◆ **To do**: Write out exactly the lines from the start of the entries through the one that contains "c i)) has_sum", including both.

*** Opening of Source material ***

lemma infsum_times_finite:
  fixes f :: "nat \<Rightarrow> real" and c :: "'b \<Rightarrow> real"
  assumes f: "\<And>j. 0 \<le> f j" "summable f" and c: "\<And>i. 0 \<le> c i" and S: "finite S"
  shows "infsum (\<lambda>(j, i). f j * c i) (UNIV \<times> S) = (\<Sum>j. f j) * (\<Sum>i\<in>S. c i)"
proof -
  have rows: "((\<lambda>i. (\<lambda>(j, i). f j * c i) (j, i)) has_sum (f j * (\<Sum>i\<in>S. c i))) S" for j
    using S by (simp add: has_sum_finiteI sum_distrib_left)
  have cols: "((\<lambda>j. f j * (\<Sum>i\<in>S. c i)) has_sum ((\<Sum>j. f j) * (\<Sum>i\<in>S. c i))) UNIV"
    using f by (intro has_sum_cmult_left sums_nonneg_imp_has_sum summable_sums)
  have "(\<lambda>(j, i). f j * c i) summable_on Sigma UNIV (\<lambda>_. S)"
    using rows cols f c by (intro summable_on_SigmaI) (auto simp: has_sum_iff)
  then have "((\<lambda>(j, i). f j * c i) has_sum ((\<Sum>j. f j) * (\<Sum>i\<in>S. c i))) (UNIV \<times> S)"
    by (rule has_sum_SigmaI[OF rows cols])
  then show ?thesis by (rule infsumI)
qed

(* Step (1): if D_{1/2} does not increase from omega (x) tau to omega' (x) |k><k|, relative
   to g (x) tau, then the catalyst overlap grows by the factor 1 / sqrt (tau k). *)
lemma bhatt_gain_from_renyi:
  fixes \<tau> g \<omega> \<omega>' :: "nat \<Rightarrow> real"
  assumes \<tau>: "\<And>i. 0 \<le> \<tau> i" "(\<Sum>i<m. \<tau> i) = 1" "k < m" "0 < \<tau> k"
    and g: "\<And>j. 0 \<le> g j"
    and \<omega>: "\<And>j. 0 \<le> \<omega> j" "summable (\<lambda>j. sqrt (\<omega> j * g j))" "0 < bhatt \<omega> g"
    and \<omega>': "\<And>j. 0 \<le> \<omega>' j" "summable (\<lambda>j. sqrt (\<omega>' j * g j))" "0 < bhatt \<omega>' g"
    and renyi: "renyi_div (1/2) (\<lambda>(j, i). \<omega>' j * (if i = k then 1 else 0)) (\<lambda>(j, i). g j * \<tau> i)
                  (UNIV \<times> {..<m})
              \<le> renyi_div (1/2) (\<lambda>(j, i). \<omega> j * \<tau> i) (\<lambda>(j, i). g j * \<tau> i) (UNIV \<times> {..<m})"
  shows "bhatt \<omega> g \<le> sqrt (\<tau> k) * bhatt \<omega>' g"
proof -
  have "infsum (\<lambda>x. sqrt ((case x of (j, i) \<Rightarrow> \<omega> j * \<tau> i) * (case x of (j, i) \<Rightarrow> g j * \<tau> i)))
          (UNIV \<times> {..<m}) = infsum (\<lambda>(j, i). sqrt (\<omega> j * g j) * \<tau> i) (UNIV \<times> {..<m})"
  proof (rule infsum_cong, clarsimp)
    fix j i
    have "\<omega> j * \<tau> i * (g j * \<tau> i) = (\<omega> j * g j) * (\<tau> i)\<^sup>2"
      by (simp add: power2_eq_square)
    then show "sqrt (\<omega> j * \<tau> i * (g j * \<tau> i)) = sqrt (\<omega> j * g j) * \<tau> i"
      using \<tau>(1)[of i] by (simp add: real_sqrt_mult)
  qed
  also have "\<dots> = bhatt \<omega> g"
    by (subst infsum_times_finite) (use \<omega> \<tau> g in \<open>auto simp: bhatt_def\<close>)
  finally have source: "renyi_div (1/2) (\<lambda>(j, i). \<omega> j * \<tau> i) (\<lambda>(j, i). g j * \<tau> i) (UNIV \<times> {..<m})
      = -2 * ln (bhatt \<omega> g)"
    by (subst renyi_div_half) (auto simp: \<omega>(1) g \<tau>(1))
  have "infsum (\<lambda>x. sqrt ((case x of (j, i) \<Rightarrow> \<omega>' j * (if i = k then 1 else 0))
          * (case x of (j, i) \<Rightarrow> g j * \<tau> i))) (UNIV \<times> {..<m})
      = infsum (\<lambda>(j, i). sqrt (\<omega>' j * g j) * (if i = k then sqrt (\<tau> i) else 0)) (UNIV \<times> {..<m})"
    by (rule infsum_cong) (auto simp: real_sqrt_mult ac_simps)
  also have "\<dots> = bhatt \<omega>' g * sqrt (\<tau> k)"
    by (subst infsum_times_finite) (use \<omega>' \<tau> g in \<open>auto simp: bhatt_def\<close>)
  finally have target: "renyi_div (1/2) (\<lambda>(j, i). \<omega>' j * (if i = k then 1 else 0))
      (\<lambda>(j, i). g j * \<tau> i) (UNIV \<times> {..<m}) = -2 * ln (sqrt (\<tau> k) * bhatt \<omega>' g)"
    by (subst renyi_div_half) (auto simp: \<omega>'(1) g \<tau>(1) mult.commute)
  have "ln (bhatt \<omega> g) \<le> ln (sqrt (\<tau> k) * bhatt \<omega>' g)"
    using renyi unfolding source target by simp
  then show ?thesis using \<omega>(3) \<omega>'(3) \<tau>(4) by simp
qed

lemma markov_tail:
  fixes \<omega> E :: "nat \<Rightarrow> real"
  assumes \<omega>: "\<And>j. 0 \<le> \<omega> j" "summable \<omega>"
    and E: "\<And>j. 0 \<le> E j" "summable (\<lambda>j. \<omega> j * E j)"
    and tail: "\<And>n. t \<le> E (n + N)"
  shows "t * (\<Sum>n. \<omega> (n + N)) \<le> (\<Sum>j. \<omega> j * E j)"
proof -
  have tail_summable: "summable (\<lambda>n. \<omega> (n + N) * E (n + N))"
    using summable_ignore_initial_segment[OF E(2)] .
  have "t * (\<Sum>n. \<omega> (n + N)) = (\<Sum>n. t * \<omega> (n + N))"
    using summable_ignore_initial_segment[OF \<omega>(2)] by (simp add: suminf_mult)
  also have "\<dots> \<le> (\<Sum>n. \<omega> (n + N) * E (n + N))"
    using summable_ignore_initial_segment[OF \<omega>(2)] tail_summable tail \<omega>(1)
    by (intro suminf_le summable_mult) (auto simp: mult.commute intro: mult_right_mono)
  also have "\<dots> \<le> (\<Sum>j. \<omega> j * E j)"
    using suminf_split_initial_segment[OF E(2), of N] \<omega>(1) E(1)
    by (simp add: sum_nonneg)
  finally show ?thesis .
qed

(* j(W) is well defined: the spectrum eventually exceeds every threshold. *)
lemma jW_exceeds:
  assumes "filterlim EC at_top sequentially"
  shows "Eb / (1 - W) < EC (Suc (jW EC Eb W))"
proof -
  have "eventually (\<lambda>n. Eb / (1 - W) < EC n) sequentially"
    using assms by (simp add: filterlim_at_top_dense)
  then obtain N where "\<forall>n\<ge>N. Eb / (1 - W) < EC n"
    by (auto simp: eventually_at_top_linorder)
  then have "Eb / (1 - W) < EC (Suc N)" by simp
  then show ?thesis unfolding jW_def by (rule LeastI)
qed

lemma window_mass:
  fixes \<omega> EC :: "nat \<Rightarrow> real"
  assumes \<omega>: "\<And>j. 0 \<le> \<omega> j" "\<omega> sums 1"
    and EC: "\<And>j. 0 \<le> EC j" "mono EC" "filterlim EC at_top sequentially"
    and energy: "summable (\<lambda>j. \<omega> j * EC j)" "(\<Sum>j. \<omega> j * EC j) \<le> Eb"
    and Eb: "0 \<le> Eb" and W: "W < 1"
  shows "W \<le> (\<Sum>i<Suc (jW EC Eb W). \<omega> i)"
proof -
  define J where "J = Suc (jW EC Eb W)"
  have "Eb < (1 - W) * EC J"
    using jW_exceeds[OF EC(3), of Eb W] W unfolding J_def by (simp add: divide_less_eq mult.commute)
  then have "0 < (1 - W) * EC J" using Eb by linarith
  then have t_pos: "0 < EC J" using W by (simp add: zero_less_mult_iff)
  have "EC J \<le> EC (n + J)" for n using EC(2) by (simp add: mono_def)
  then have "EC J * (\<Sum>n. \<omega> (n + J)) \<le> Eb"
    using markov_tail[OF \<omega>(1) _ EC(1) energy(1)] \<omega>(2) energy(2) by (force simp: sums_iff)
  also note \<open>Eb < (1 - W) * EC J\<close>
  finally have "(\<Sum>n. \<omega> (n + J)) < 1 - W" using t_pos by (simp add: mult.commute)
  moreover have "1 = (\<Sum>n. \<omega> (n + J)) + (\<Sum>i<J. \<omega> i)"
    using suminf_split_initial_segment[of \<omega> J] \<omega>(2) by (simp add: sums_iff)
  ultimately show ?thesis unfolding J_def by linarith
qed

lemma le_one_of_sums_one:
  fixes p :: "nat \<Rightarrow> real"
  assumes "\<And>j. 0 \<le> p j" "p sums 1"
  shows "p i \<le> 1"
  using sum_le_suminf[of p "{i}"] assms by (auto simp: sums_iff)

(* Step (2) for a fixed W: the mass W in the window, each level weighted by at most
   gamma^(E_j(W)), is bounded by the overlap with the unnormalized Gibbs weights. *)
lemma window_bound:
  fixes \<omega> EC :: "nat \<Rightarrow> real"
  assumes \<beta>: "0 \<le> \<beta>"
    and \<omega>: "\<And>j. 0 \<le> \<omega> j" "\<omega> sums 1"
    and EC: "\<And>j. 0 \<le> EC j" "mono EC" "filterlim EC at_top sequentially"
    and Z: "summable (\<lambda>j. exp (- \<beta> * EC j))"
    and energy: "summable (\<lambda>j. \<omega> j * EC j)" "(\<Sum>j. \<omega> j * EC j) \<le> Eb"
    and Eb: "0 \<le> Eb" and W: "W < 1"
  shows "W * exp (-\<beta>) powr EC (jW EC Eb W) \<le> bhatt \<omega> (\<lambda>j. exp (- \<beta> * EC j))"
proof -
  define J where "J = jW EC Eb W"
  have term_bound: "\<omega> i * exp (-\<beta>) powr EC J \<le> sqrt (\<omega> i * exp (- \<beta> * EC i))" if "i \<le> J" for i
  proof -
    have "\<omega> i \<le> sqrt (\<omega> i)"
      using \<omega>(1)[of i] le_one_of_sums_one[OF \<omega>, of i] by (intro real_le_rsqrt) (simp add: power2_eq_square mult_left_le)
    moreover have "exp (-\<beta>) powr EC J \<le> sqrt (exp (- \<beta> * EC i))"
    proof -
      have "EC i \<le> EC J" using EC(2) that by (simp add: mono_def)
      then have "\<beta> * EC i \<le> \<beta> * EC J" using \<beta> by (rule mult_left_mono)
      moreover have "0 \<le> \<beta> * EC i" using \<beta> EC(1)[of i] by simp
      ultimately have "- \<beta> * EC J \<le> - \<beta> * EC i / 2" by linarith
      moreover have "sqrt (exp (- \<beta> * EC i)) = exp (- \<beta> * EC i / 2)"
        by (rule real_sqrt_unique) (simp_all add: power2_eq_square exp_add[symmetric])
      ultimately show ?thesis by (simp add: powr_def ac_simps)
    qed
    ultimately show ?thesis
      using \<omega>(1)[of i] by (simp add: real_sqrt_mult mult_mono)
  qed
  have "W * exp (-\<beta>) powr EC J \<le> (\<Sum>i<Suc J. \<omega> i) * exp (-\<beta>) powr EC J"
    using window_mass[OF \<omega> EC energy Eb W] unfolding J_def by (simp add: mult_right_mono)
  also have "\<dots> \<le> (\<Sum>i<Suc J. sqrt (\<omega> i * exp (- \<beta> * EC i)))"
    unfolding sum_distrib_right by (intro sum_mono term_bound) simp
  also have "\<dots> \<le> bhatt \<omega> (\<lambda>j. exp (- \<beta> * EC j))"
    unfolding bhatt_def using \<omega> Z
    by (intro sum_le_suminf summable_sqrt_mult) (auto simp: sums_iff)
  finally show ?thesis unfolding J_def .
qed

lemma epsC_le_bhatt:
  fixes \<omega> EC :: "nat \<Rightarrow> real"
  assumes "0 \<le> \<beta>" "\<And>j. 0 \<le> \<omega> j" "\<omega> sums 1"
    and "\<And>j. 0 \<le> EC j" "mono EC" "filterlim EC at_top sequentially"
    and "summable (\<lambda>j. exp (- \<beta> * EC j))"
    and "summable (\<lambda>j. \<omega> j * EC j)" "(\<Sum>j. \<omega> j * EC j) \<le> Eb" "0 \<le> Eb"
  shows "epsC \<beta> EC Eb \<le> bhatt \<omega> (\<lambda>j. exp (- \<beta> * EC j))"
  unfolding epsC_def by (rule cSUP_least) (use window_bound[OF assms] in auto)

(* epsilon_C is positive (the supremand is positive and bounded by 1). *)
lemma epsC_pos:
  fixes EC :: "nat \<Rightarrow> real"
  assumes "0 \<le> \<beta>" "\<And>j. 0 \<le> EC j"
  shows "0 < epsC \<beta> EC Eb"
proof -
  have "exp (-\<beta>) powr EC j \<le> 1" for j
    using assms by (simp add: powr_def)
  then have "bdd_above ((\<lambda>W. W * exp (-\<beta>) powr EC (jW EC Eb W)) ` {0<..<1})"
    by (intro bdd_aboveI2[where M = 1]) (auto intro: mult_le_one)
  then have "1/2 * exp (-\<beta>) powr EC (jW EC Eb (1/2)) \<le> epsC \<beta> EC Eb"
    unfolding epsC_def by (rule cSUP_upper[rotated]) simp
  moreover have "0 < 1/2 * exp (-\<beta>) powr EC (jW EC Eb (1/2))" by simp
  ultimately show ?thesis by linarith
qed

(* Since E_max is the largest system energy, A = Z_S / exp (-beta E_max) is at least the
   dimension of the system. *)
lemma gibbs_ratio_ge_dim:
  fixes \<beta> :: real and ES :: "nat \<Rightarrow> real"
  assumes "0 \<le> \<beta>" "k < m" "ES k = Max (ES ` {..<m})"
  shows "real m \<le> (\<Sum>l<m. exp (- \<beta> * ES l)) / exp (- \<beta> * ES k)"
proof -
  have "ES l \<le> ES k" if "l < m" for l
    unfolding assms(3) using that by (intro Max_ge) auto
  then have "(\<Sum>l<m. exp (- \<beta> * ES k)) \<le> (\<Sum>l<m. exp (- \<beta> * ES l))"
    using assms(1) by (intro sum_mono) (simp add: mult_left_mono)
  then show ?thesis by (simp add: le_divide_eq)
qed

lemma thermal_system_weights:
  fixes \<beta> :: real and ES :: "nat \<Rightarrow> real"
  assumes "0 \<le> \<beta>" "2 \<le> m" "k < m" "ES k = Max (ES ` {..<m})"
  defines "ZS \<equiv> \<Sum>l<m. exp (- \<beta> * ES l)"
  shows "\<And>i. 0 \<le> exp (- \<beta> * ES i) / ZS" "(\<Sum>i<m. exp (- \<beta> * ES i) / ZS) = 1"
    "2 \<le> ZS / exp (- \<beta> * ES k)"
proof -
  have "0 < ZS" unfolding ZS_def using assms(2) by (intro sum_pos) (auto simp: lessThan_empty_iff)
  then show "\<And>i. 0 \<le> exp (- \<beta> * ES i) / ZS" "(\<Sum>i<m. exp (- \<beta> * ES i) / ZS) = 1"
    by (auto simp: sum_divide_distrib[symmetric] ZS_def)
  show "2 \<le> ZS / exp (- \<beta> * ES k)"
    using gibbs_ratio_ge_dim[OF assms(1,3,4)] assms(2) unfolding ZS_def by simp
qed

*** Close of Source material ***

◆ **Solution for this task**:
lemma infsum_times_finite:
  fixes f :: "nat \<Rightarrow> real" and c :: "'b \<Rightarrow> real"
  assumes f: "\<And>j. 0 \<le> f j" "summable f" and c: "\<And>i. 0 \<le> c i" and S: "finite S"
  shows "infsum (\<lambda>(j, i). f j * c i) (UNIV \<times> S) = (\<Sum>j. f j) * (\<Sum>i\<in>S. c i)"
proof -
  have rows: "((\<lambda>i. (\<lambda>(j, i). f j * c i) (j, i)) has_sum (f j * (\<Sum>i\<in>S. c i))) S" for j
    using S by (simp add: has_sum_finiteI sum_distrib_left)
  have cols: "((\<lambda>j. f j * (\<Sum>i\<in>S. c i)) has_sum ((\<Sum>j. f j) * (\<Sum>i\<in>S. c i))) UNIV"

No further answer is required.